Faster Text Classification from Facebook, the Social Outfit
August 29, 2016
I read “Faster, Better Text Classification.” Facebook’s artificial intelligence team has made available some of its whizzy code. The software may be a bit of a challenge to the vendors of proprietary text classification software, but Facebook wants to help everyone. Think of the billion plus Facebook users who need to train an artificially intelligent system with one billion words in 10 minutes. You may want to try this on your Chromebook, gentle reader.
I learned:
Automatic text processing forms a key part of the day-to-day interaction with your computer; it’s a critical component of everything from web search and content ranking to spam filtering, and when it works well, it’s completely invisible to you. With the growing amount of online data, there is a need for more flexible tools to better understand the content of very large datasets, in order to provide more accurate classification results. To address this need, the Facebook AI Research (FAIR) lab is open-sourcing fastText, a library designed to help build scalable solutions for text representation and classification.

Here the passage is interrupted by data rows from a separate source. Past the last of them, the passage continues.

(* Let $G=(V,E)$ be a simple undirected graph with $V=[n]$, let $N=\binom n2$, and enumerate $\mathcal P_n=\{(i,j):1\le i<j\le n\}$ as $(i_k,j_k)$, $k\in[N]$. Let $U=[u_1,\dots,u_n]\in\mathrm{Lab}(G)$, $K=U^\top U$, and let $\tilde U\in\mathbb R^{d^2\times N}$ be the Kronecker product embedding of the node pairs, with $k$-th column $\tilde u_k=u_{i_k}\otimes u_{j_k}$. Let $C>0$ and $\mathcal H_{\tilde U}=\{w\mid w=\tilde U\beta,\ \beta\in\mathbb R^N,\ \|\beta\|_\infty\le C\}$. Then for any $p\in(0,1/2]$, $$R(\mathcal H_{\tilde U},\tilde U,p)\le C\lambda_1(K)\sqrt{2p},$$ where $\lambda_1(K)$ is the largest eigenvalue of $K$.
   Context: $\mathrm{Lab}(G)$ (orthonormal representations) is the set of matrices $U=[u_1,\dots,u_n]\in\mathbb R^{d\times n}$ (any $d$) with $\|u_i\|_2=1$ for all $i$ and $u_i^\top u_j=0$ whenever $i\ne j$ and $(i,j)\notin E$. $\otimes$ denotes the Kronecker product. Transductive Rademacher complexity: $R(\mathcal H,\tilde U,p)=\frac1N\mathbb E_\gamma\big[\sup_{h\in\mathcal H}\sum_{k=1}^N\gamma_k h^\top\tilde u_k\big]$, with $\gamma_k$ i.i.d. taking values $+1,-1,0$ with probabilities $p,p,1-2p$. *)

theory Defs
  imports "HOL-Analysis.Analysis"
begin

definition simple_graph :: "nat \<Rightarrow> (nat \<times> nat) set \<Rightarrow> bool" where
  "simple_graph n E \<longleftrightarrow> E \<subseteq> {1..n} \<times> {1..n} \<and> sym E \<and> irrefl E"

definition Lab :: "nat \<Rightarrow> (nat \<times> nat) set \<Rightarrow> (nat \<Rightarrow> real^'d) set" where
  "Lab n E = {u. (\<forall>i\<in>{1..n}. norm (u i) = 1) \<and>
     (\<forall>i\<in>{1..n}. \<forall>j\<in>{1..n}. i \<noteq> j \<and> (i, j) \<notin> E \<longrightarrow> u i \<bullet> u j = 0)}"

definition kron :: "real^'d \<Rightarrow> real^'d \<Rightarrow> real^('d \<times> 'd)" where
  "kron x y = (\<chi> ab. x $ fst ab * y $ snd ab)"

definition pairs :: "nat \<Rightarrow> (nat \<times> nat) set" where
  "pairs n = {(i, j). 1 \<le> i \<and> i < j \<and> j \<le> n}"

definition is_eigenvalue :: "nat \<Rightarrow> (nat \<Rightarrow> nat \<Rightarrow> real) \<Rightarrow> real \<Rightarrow> bool" where
  "is_eigenvalue n K l \<longleftrightarrow> (\<exists>x::nat \<Rightarrow> real. (\<exists>i\<in>{1..n}. x i \<noteq> 0) \<and>
      (\<forall>i\<in>{1..n}. (\<Sum>j=1..n. K i j * x j) = l * x i))"

definition largest_eigenvalue :: "nat \<Rightarrow> (nat \<Rightarrow> nat \<Rightarrow> real) \<Rightarrow> real" where
  "largest_eigenvalue n K = Max {l. is_eigenvalue n K l}"

text \<open>Transductive Rademacher complexity: columns indexed by the finite set P (N = card P),
  gamma_k i.i.d. in {+1,-1,0} with probabilities p,p,1-2p; expectation as finite sum.\<close>
definition rademacher :: "'v::real_inner set \<Rightarrow> ('k \<Rightarrow> 'v) \<Rightarrow> 'k set \<Rightarrow> real \<Rightarrow> real" where
  "rademacher H ut P p = (1 / real (card P)) *
     (\<Sum>\<gamma> \<in> PiE P (\<lambda>_. {-1, 0, 1::real}).
        (\<Prod>k\<in>P. (if \<gamma> k = 0 then 1 - 2 * p else p)) *
        (SUP h\<in>H. \<Sum>k\<in>P. \<gamma> k * (h \<bullet> ut k)))"

end

theory Submission
  imports Defs
begin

What does the Facebook text classification code deliver as open sourciness? I learned:
FastText combines some of the most successful concepts introduced by the natural language processing and machine learning communities in the last few decades. These include representing sentences with bag of words and bag of n-grams, as well as using subword information, and sharing information across classes through a hidden representation. We also employ a hierarchical softmax that takes advantage of the unbalanced distribution of the classes to speed up computation. These different concepts are being used for two different tasks: efficient text classification and learning word vector representations.
The write up details some of the benefits of the code; for example, its multilingual capabilities and its accuracy.
What will other do gooders like Amazon, Google, and Microsoft do to respond to Facebook’s generosity? My thought is that more text processing software will find its way to open source green pastures.
What will the for fee vendors peddling proprietary classification systems do? Here’s a short list of ideas I had:
- Pivot to become predictive analytics companies and seek new rounds of financing
- Pretend that open source options are available but not good enough for real world tasks
- Generate white papers and commission mid tier consulting firms to extol the virtues of their innovative, unique, high speed, smart software
- Look for another line of work in search engine optimization, direct sales for a tool and die company, or check out Facebook.
Stephen E Arnold, August 29, 2016